● **Problem description**: Go through the records below and restate each one word for word.

● **Source data**:
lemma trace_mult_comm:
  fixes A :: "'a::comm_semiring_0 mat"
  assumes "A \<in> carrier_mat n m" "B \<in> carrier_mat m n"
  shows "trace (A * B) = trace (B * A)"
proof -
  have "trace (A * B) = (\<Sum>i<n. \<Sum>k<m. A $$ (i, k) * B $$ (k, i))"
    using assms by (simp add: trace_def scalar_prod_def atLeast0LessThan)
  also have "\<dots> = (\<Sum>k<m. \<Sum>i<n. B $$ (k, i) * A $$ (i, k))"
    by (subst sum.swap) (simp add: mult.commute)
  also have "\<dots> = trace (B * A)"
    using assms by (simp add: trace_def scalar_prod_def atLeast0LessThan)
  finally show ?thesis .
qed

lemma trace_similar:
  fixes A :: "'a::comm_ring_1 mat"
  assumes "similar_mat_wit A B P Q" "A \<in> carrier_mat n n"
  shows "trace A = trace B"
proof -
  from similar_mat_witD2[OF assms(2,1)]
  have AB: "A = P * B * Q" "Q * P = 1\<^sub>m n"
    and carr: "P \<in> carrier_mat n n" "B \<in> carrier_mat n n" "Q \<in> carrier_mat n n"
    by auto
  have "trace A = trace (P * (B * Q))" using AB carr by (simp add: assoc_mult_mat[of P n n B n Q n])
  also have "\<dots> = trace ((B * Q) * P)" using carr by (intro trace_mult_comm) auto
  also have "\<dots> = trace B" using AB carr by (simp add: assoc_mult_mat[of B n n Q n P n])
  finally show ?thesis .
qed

● **Solved exercise**:
lemma trace_mult_comm:
  fixes A :: "'a::comm_semiring_0 mat"
  assumes "A \<in> carrier_mat n m" "B \<in> carrier_mat m n"
  shows "trace (A * B) = trace (B * A)"
proof -
  have "trace (A * B) = (\<Sum>i<n. \<Sum>k<m. A $$ (i, k) * B $$ (k, i))"
    using assms by (simp add: trace_def scalar_prod_def atLeast0LessThan)
  also have "\<dots> = (\<Sum>k<m. \<Sum>i<n. B $$ (k, i) * A $$ (i, k))"
    by (subst sum.swap) (simp add: mult.commute)
  also have "\<dots> = trace (B * A)"
    using assms by (simp add: trace_def scalar_prod_def atLeast0LessThan)
  finally show ?thesis .
qed

lemma trace_similar:
  fixes A :: "'a::comm_ring_1 mat"
  assumes "similar_mat_wit A B P Q" "A \<in> carrier_mat n n"
  shows "trace A = trace B"
proof -
  from similar_mat_witD2[OF assms(2,1)]
  have AB: "A = P * B * Q" "Q * P = 1\<^sub>m n"
    and carr: "P \<in> carrier_mat n n" "B \<in> carrier_mat n n" "Q \<in> carrier_mat n n"
    by auto
  have "trace A = trace (P * (B * Q))" using AB carr by (simp add: assoc_mult_mat[of P n n B n Q n])
  also have "\<dots> = trace ((B * Q) * P)" using carr by (intro trace_mult_comm) auto
  also have "\<dots> = trace B" using AB carr by (simp add: assoc_mult_mat[of B n n Q n P n])
  finally show ?thesis .
qed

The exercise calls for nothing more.